In this repository we provide code of the paper:
LUCK: Lighting Up Colors in the Dark
Yaping Zhao, Edmund Y. Lam
This is the Pytorch implementation of our work. The next requirments and some other frequently-used Library will be needed.
- Python >= 3.7
- Pytorch >= 1.7.1
- scikit-image 0.18.1
- imageio 2.9.0
- rawpy 0.17.0
You can simply run the following commands for pre-requisites:
conda env create -f environment.yml
conda activate h4m
We adopt the MCR [Google Drive, Baidu Netdisk (Extraction code: 22cv)], a dataset of colored raw and monochrome raw image pairs, captured with the same exposure setting. Each image has a resolution of 1280×1024.
The zip file contain 3 parts:
- Mono_Colored_RAW_Paired_DATASET
- RGB_GT (498 images)
- Mono_GT (498 images)
- Color_RAW_Input (498 × 8 images)
Totally 498 different scenes, each scene has 1 corresponding RGB and Monochrome ground truth and 8 different exposure color Raw inputs.

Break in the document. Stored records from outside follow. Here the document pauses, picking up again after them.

lemma eigenvalue_adj_strongly_regular:
  assumes deg: "\<And>u. u \<in> V \<Longrightarrow> deg u = d"
    and codeg: "\<And>u v. u \<in> V \<Longrightarrow> v \<in> V \<Longrightarrow>
      red_codeg u v = \<mu> + (d - \<mu>) * of_bool (u = v) + (lam - \<mu>) * red u v"
    and "eigenvalue adj e"
  shows "e = of_int d \<or> e\<^sup>2 - of_int (lam - \<mu>) * e - of_int (d - \<mu>) = 0"
proof -
  obtain x where x: "x \<in> carrier_vec n" "x \<noteq> 0\<^sub>v n" "adj *\<^sub>v x = e \<cdot>\<^sub>v x"
    using assms(3) unfolding eigenvalue_def eigenvector_def adj_def by auto
  have eig: "(\<Sum>j\<in>V. of_int (red i j) * x $ j) = e * x $ i" if "i \<in> V" for i
  proof -
    have "(adj *\<^sub>v x) $ i = (e \<cdot>\<^sub>v x) $ i" using x(3) by simp
    then show ?thesis
      using that x(1) by (simp add: adj_def scalar_prod_def atLeast0LessThan)
  qed
  define \<sigma> where "\<sigma> = (\<Sum>j\<in>V. x $ j)"
  have "e * \<sigma> = (\<Sum>i\<in>V. \<Sum>j\<in>V. of_int (red i j) * x $ j)"
    by (simp add: \<sigma>_def sum_distrib_left eig)
  also have "\<dots> = (\<Sum>j\<in>V. of_int (\<Sum>i\<in>V. red j i) * x $ j)"
    by (subst sum.swap) (simp add: sum_distrib_right red_sym)
  also have "\<dots> = of_int d * \<sigma>"
    by (simp add: \<sigma>_def sum_distrib_left deg_def[symmetric] deg)
  finally have row_sums: "e * \<sigma> = of_int d * \<sigma>" .
  have square: "e\<^sup>2 * x $ i = of_int \<mu> * \<sigma> + of_int (d - \<mu>) * x $ i + of_int (lam - \<mu>) * e * x $ i"
    if i: "i \<in> V" for i
  proof -
    have "e\<^sup>2 * x $ i = (\<Sum>k\<in>V. of_int (red i k) * (e * x $ k))"
      using eig[OF i] by (simp add: power2_eq_square sum_distrib_left[symmetric] mult.left_commute)
    also have "\<dots> = (\<Sum>k\<in>V. of_int (red i k) * (\<Sum>j\<in>V. of_int (red k j) * x $ j))"
      by (intro sum.cong refl) (simp add: eig)
    also have "\<dots> = (\<Sum>k\<in>V. \<Sum>j\<in>V. of_int (red i k) * of_int (red k j) * x $ j)"
      by (simp add: sum_distrib_left mult.assoc)
    also have "\<dots> = (\<Sum>j\<in>V. \<Sum>k\<in>V. of_int (red i k) * of_int (red k j) * x $ j)"
      by (rule sum.swap)
    also have "\<dots> = (\<Sum>j\<in>V. of_int (red_codeg i j) * x $ j)"
      by (simp add: red_codeg_def sum_distrib_right red_sym)
    also have "\<dots> = (\<Sum>j\<in>V. of_int \<mu> * x $ j + of_int (d - \<mu>) * (of_bool (i = j) * x $ j)
        + of_int (lam - \<mu>) * (of_int (red i j) * x $ j))"
      using i by (intro sum.cong refl) (simp add: codeg algebra_simps)
    also have "\<dots> = of_int \<mu> * \<sigma> + of_int (d - \<mu>) * x $ i + of_int (lam - \<mu>) * e * x $ i"
      using i by (simp add: sum.distrib sum_distrib_left[symmetric] \<sigma>_def eig mult.assoc)
    finally show ?thesis .
  qed
  show ?thesis
  proof (cases "e = of_int d")
    case False
    with row_sums have "\<sigma> = 0" by simp
    obtain i where i: "i \<in> V" "x $ i \<noteq> 0"
      using x(1,2) by (metis eq_vecI carrier_vecD index_zero_vec lessThan_iff)
    have "(e\<^sup>2 - of_int (lam - \<mu>) * e - of_int (d - \<mu>)) * x $ i = 0"
      using square[OF i(1)] \<open>\<sigma> = 0\<close> by (simp add: algebra_simps)
    with i(2) show ?thesis by simp
  qed simp
qed
(* Let $D=(V,A)$ be a digraph, $k\in\mathbb{N}$, and $\mathcal{B}_i=(V_i,A_i)$ $(i<k)$ pairwise edge-disjoint branchings in $D$ such that for every nonempty $X\subseteq V$, $\varrho_{D\setminus\!\setminus\mathcal{B}}(X)\geq|\{i<k:V_i\cap X=\varnothing\}|$. Let $B_1\subseteq B_0$ be dangerous sets with $\varrho_{D\setminus\!\setminus\mathcal{B}}(B_0)=\varrho_{D\setminus\!\setminus\mathcal{B}}(B_1)=l\geq1$. Let $\{e_1,\dots,e_l\}$ be the set of edges of $D\setminus\!\setminus\mathcal{B}$ entering $B_0$ and let $s_j$ be the head of $e_j$. Then there is a system of pairwise edge-disjoint paths $\{P_j\}_{j=1}^{l}$ in $(D\setminus\!\setminus\mathcal{B})[B_0]$ such that $P_j$ goes from $s_j$ to $B_1$. Moreover, any such path system contains every edge of $D\setminus\!\setminus\mathcal{B}$ with tail in $B_0\setminus B_1$ and head in $B_1$, and the multiset of the last vertices of the paths $P_j$ equals the multiset of heads of the edges of $D\setminus\!\setminus\mathcal{B}$ entering $B_1$.
   Context: Digraphs may be of arbitrary cardinality with multiple edges. A branching is a digraph whose weakly connected components are arborescences (directed trees in which every vertex is reachable from the root). $D\setminus\!\setminus\mathcal{B}=(V,A\setminus\bigcup_{i<k}A_i)$; $H[B]$ is the subgraph of $H$ spanned by $B$. $\varrho_H(X)$ is the cardinality of the set of edges of $H$ with tail outside $X$ and head in $X$ (these are the edges entering $X$). A nonempty set $X\subseteq V$ is tight if $\varrho_{D\setminus\!\setminus\mathcal{B}}(X)=|\{i<k:V_i\cap X=\varnothing\}|$, and dangerous if it is tight and $X\cap V_0\neq\varnothing$. Paths are directed simple paths; a path $P$ goes from $X$ to $Y$ if $V(P)\cap X=\{\mathrm{start}(P)\}$ and $V(P)\cap Y=\{\mathrm{end}(P)\}$ (start and end may coincide; for a vertex $x$, "from $x$" means from $\{x\}$). *)

theory Defs
  imports Main "HOL-Library.Extended_Nat" "HOL-Library.Multiset"
begin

(The 8 exposures Monochrome images are available at Google Drive, Badui Netdisk (Extraction code: 22cv) )
The file name contains the image information. Take the image name:"C00001_48mp_0x8_0x1fff.tif" as an example.
"C" means it is color raw image;
"00001" is the image number;
"48mp" is the master clock frequency 48 MHz;
"0x8" is the hex number of global gain;
"0x1fff" indicate the shutter width of the camera which can calculate the exposure time.
The code is a bit messy right now, and I am tidying it up.